• AIM OF THE EXERCISE:
Your answer should consist of each line below that contains the string "intro".
___ THE INPUT
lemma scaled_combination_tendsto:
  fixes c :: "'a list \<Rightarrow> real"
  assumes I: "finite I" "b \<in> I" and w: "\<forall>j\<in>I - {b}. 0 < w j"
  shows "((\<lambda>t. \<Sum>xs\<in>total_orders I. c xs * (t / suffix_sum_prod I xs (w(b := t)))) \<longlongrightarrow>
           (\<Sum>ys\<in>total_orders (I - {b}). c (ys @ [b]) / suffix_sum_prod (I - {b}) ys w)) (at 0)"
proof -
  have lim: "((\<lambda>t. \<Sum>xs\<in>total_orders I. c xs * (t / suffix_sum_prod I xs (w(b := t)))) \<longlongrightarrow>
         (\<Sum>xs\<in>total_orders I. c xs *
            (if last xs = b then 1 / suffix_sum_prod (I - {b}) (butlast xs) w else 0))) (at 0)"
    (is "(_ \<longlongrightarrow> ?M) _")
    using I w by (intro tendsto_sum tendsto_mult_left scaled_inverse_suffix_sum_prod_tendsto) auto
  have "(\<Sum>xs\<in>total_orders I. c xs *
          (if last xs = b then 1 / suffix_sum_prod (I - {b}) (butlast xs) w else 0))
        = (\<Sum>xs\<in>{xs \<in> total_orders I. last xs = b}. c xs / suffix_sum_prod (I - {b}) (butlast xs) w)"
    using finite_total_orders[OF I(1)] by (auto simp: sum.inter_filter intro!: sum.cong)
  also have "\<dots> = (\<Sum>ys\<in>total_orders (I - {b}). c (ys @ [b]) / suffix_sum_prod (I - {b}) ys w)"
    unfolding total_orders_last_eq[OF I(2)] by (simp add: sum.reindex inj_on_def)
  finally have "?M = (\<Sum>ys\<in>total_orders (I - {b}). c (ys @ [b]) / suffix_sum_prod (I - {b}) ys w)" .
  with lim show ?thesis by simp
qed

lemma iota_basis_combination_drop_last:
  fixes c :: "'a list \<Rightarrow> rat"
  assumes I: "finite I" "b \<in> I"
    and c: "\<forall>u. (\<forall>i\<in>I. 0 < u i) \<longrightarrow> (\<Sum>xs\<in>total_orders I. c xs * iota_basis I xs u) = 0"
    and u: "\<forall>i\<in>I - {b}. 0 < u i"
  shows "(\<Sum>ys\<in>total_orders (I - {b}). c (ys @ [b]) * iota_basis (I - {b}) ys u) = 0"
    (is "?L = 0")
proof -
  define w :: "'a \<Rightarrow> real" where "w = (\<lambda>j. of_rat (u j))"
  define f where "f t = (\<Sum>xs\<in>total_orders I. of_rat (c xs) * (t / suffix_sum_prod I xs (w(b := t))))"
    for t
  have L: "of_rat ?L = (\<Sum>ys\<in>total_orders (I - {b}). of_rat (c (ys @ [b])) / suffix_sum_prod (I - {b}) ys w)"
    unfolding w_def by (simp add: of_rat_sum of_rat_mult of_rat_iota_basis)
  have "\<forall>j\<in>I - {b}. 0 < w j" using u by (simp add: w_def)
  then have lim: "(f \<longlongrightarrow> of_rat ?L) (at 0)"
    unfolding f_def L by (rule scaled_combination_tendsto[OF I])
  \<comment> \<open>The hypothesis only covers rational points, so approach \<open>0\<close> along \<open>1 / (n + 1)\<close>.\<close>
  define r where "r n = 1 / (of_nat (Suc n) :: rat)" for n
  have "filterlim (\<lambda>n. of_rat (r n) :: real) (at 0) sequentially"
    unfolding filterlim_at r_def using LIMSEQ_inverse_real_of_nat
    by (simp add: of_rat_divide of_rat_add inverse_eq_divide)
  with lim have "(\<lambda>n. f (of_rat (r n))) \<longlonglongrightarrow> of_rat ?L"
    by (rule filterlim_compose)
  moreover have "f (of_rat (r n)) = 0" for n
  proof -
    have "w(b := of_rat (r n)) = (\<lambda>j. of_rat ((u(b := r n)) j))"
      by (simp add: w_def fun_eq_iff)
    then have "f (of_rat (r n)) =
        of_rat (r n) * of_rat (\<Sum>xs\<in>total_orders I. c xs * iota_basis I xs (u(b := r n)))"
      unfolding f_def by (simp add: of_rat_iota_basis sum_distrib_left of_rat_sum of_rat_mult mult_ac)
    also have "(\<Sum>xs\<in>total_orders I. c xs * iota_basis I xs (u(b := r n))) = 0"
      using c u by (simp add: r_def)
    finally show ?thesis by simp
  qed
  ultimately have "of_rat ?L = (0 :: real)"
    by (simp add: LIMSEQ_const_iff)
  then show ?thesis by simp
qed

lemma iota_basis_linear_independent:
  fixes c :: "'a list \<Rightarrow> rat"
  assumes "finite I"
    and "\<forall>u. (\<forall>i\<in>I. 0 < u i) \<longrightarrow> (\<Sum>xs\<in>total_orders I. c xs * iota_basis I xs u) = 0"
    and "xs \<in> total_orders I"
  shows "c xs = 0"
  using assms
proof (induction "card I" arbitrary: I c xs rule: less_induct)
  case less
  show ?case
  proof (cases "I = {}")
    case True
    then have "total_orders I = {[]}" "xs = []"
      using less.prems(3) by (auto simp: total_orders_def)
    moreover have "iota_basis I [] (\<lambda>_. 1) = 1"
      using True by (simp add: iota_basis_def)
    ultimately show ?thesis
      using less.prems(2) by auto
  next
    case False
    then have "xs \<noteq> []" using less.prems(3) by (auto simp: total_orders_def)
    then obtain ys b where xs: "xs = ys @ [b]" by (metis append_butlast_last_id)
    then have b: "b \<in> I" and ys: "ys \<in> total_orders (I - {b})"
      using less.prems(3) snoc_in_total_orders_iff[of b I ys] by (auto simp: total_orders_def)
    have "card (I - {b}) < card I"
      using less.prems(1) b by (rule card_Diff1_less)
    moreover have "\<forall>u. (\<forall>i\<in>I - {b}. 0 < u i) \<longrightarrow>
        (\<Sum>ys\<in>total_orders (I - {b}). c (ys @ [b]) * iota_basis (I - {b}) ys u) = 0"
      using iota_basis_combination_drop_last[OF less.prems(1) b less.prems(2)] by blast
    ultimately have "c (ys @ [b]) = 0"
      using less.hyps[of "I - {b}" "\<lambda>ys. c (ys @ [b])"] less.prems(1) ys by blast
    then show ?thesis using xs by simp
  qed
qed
______
• SOLUTION:
    using I w by (intro tendsto_sum tendsto_mult_left scaled_inverse_suffix_sum_prod_tendsto) auto
    using finite_total_orders[OF I(1)] by (auto simp: sum.inter_filter intro!: sum.cong)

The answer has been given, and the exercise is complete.